I have the luxury, as an author, that I have no obligation to present solutions. I can just present the problems as I see them and gaze into my crystal ball hoping and believing that someone somewhere will design the answer. My concern right now is that the problem is not being seen quickly enough. It seems like it is no big deal to struggle with two Catalysts for a few hours. But it will hit us like a stage weight falling from the grid within the next two years. We will have products that we want to use, and we will have the imagination to see how we want to use them, but we won't have the tools to allow us to link the two together.

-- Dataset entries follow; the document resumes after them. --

(* Let $\pi$ be a qlg-$2$-sortable permutation. Then: (i) $\pi$ avoids the pattern $3214$; (ii) every occurrence of the pattern $52314$ in $\pi$ can be extended to an occurrence of one of the following patterns, where the dotted entries are the additional entries and the undotted entries form the given occurrence of $52314$: $63\dot{1}425$; $7\dot{2}\dot{1}4536$; $7\dot{3}\dot{1}4526$; $\dot{7}\dot{2}8\dot{1}4536$; $\dot{7}\dot{3}8\dot{1}4526$; $\dot{8}\dot{2}7\dot{1}4536$; $\dot{8}\dot{3}7\dot{1}4526$.
   Context: The $\mathfrak{D}^2\mathfrak{I}$ machine consists of two decreasing stacks $D_1,D_2$ followed in series by an increasing stack $I$. Elements of $D_1,D_2$ must be in decreasing order from top to bottom (top largest); elements of $I$ in increasing order from top to bottom (top smallest). Operations: $d_0$ pushes the next input element into $D_1$; $d_1$ moves the top of $D_1$ to $D_2$; $d_2$ moves the top of $D_2$ to $I$; $d_3$ pops the top of $I$ and appends it to the output. An operation is legal if it respects the stack restrictions; $d_3$ is legal if the popped element is the smallest among the elements not yet output, and also if no other operation is legal. The quasi left-greedy procedure performs at each step the first legal operation in the priority order $d_3\rhd d_1\rhd d_0\rhd d_2$. A permutation is qlg-$2$-sortable if this procedure outputs its elements in increasing order. An occurrence of a pattern with dotted entries extending a given occurrence of $52314$ means a set of entries of $\pi$ forming an occurrence of the full pattern, in which the entries corresponding to the undotted positions are exactly the given occurrence of $52314$. *)

theory Defs
  imports Main
begin

text \<open>Permutations are lists of naturals with values exactly 1..n.
  Stacks are lists whose head is the top. A machine state is
  (remaining input, D1, D2, I, output so far).\<close>

definition is_perm :: "nat list \<Rightarrow> bool" where
  "is_perm p \<longleftrightarrow> distinct p \<and> set p = {1..length p}"

type_synonym mstate = "nat list \<times> nat list \<times> nat list \<times> nat list \<times> nat list"

definition d0_legal :: "mstate \<Rightarrow> bool" where
  "d0_legal s = (case s of (inp, d1, d2, i, out) \<Rightarrow>
      inp \<noteq> [] \<and> (d1 = [] \<or> hd inp > hd d1))"

definition d1_legal :: "mstate \<Rightarrow> bool" where
  "d1_legal s = (case s of (inp, d1, d2, i, out) \<Rightarrow>
      d1 \<noteq> [] \<and> (d2 = [] \<or> hd d1 > hd d2))"

definition d2_legal :: "mstate \<Rightarrow> bool" where
  "d2_legal s = (case s of (inp, d1, d2, i, out) \<Rightarrow>
      d2 \<noteq> [] \<and> (i = [] \<or> hd d2 < hd i))"

definition d3_legal :: "mstate \<Rightarrow> bool" where
  "d3_legal s = (case s of (inp, d1, d2, i, out) \<Rightarrow>
      i \<noteq> [] \<and> (hd i = Min (set (inp @ d1 @ d2 @ i))
                  \<or> \<not> (d0_legal s \<or> d1_legal s \<or> d2_legal s)))"

definition qlg_step :: "mstate \<Rightarrow> mstate" where
  "qlg_step s = (case s of (inp, d1, d2, i, out) \<Rightarrow>
     if d3_legal s then (inp, d1, d2, tl i, out @ [hd i])
     else if d1_legal s then (inp, tl d1, hd d1 # d2, i, out)
     else if d0_legal s then (tl inp, hd inp # d1, d2, i, out)
     else if d2_legal s then (inp, d1, tl d2, hd d2 # i, out)
     else s)"

text \<open>Each element undergoes exactly four operations, so after 4n steps the
  procedure has terminated.\<close>
definition qlg_output :: "nat list \<Rightarrow> nat list" where
  "qlg_output p = (let (_, _, _, _, out) = (qlg_step ^^ (4 * length p)) (p, [], [], [], []) in out)"

definition qlg2_sortable :: "nat list \<Rightarrow> bool" where
  "qlg2_sortable p \<longleftrightarrow> is_perm p \<and> qlg_output p = sort p"

definition occurrence :: "nat list \<Rightarrow> nat list \<Rightarrow> nat list \<Rightarrow> bool" where
  "occurrence p q js \<longleftrightarrow> length js = length q \<and> sorted_wrt (<) js \<and>
     (\<forall>j\<in>set js. j < length p) \<and>
     (\<forall>a<length q. \<forall>b<length q. (p ! (js ! a) < p ! (js ! b)) \<longleftrightarrow> (q ! a < q ! b))"

definition contains :: "nat list \<Rightarrow> nat list \<Rightarrow> bool" where
  "contains p q \<longleftrightarrow> (\<exists>js. occurrence p q js)"

text \<open>Extension of a given occurrence: a pattern q together with the list U of
  its undotted positions; the undotted entries are exactly the given occurrence.\<close>
definition extends_to :: "nat list \<Rightarrow> nat list \<Rightarrow> nat list \<times> nat list \<Rightarrow> bool" where
  "extends_to p is qU \<longleftrightarrow> (\<exists>js. occurrence p (fst qU) js \<and> map (\<lambda>u. js ! u) (snd qU) = is)"

definition ext_patterns :: "(nat list \<times> nat list) list" where
  "ext_patterns =
    [ ([6,3,1,4,2,5], [0,1,3,4,5]),
      ([7,2,1,4,5,3,6], [0,3,4,5,6]),
      ([7,3,1,4,5,2,6], [0,3,4,5,6]),
      ([7,2,8,1,4,5,3,6], [2,4,5,6,7]),
      ([7,3,8,1,4,5,2,6], [2,4,5,6,7]),
      ([8,2,7,1,4,5,3,6], [2,4,5,6,7]),
      ([8,3,7,1,4,5,2,6], [2,4,5,6,7]) ]"

end

theory Submission
  imports Defs "HOL-Library.Multiset"
begin

text \<open>In a run that sorts, every element already output is smaller than every element not yet
  output. Hence a deadlock can never arise: an element \<open>c\<close> in \<open>I\<close> together with
  \<open>x < c < y\<close> in the \<open>D\<close>-stacks, \<open>y\<close> bound to enter \<open>I\<close> before \<open>x\<close>. Indeed \<open>y\<close> cannot pass
  \<open>c\<close>, and \<open>c\<close> may leave only after \<open>x\<close>. In particular, once some \<open>c\<close> in \<open>I\<close> lies above a
  smaller element of the \<open>D\<close>-stacks, no element larger than \<open>c\<close> may still be unread.

  For an occurrence \<open>c b a d\<close> of 3214, \<open>c\<close> has reached \<open>D\<^sub>2\<close> or \<open>I\<close> when \<open>b\<close> is read and
  sits in \<open>I\<close> by the time \<open>a\<close> is read, while \<open>d\<close> is unread.

  For an occurrence \<open>A\<^sub>5 A\<^sub>2 A\<^sub>3 A\<^sub>1 A\<^sub>4\<close> of 52314, the same argument puts \<open>A\<^sub>2, A\<^sub>3\<close> into
  \<open>D\<^sub>2\<close> when \<open>A\<^sub>1\<close> is read. Consider the step moving \<open>A\<^sub>2\<close> onto \<open>D\<^sub>2\<close>. If the next input
  entry is then smaller than \<open>A\<^sub>2\<close>, it is an entry below \<open>A\<^sub>1\<close> between \<open>A\<^sub>2\<close> and \<open>A\<^sub>3\<close>
  (pattern 631425). Otherwise \<open>A\<^sub>2\<close> was moved right after being read; at the last \<open>d\<^sub>2\<close> before
  that, the next input entry \<open>v\<close> and the top \<open>y\<close> of \<open>D\<^sub>1\<close> satisfy \<open>v < A\<^sub>1\<close>, \<open>v < y < A\<^sub>2\<close>.
  If \<open>y\<close> lies left of \<open>A\<^sub>5\<close>, the top of \<open>D\<^sub>2\<close> at the time \<open>y\<close> was read is an entry
  larger than \<open>A\<^sub>4\<close> further left; this gives the remaining six patterns.\<close>

lemma sorted_wrt_gt_le_hd: "sorted_wrt (>) xs \<Longrightarrow> y \<in> set xs \<Longrightarrow> y \<le> (hd xs :: 'a :: linorder)"
  by (cases xs) auto

lemma sorted_wrt_lt_hd_le: "sorted_wrt (<) xs \<Longrightarrow> y \<in> set xs \<Longrightarrow> hd xs \<le> (y :: 'a :: linorder)"
  by (cases xs) auto

lemma sorted_wrt_gt_Cons:
  "sorted_wrt (>) xs \<Longrightarrow> xs = [] \<or> hd xs < x \<Longrightarrow> sorted_wrt (>) (x # (xs :: 'a :: linorder list))"
  by (cases xs) (auto dest: sorted_wrt_gt_le_hd)

lemma sorted_wrt_lt_Cons:
  "sorted_wrt (<) xs \<Longrightarrow> xs = [] \<or> x < hd xs \<Longrightarrow> sorted_wrt (<) (x # (xs :: 'a :: linorder list))"
  by (cases xs) (auto dest: sorted_wrt_lt_hd_le)

lemma sorted_wrt_tl: "sorted_wrt R xs \<Longrightarrow> sorted_wrt R (tl xs)"
  by (cases xs) auto

lemma distinct_in_set_tl_iff: "distinct xs \<Longrightarrow> x \<in> set (tl xs) \<longleftrightarrow> x \<in> set xs \<and> x \<noteq> hd xs"
  by (cases xs) auto

lemma distinct_nth_in_set_drop_iff:
  assumes "distinct xs" "j < length xs"
  shows "xs ! j \<in> set (drop k xs) \<longleftrightarrow> k \<le> j"
proof
  assume "xs ! j \<in> set (drop k xs)"
  then obtain i where "i < length (drop k xs)" "drop k xs ! i = xs ! j" by (metis in_set_conv_nth)
  then show "k \<le> j" using assms nth_eq_iff_index_eq by fastforce
next
  assume "k \<le> j"
  then have "drop k xs ! (j - k) = xs ! j" "j - k < length (drop k xs)" using assms(2) by auto
  then show "xs ! j \<in> set (drop k xs)" by (metis nth_mem)
qed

I have my own ideas about what that solution will look like, and I'm sure you do too. Whatever it finally turns out to be has the potential to be as big a jump from today's moving light controllers as the Wholehog 2 was from that three-preset manual console.

All About HTP

HTP (Highest Takes Precedence) hasn't always been easy to provide. If we go back a bit further and look at the motorized and mechanical control consoles of the early to mid-20th century, it was often only possible to implement a “Latest Takes Precedence” (or LTP) scheme when the last physical movement of a motorized transformer or clutched dimmer was always the most important. At that time, the function of cross fading (usually move fades rather than cross fades, in fact) happened in the dimmer, not really in the console. In fact, the dimmer and console were often one and the same physical piece of equipment. It was the introduction of dimmers that could be controlled to any level via a simple control signal and the subsequent moving of the fade functionality from the dimmer to the control console that made HTP a reality. With the introduction of analog electronics, HTP was also very easy to provide. If your control signals are DC voltage levels, then just connecting two control lines together using diodes gives you HTP. The introduction of digital electronics in the 1960s and 1970s gave a choice again between HTP and LTP, but by that time, HTP was deeply engrained in users' minds as the right way to control dimmers. The conventional light tracking consoles introduced at the time used a mixture of HTP and LTP. Only level changes were recorded in an LTP manner, but the final output logic was often still fundamentally HTP, with multiple masters being overlaid in a standard HTP manner.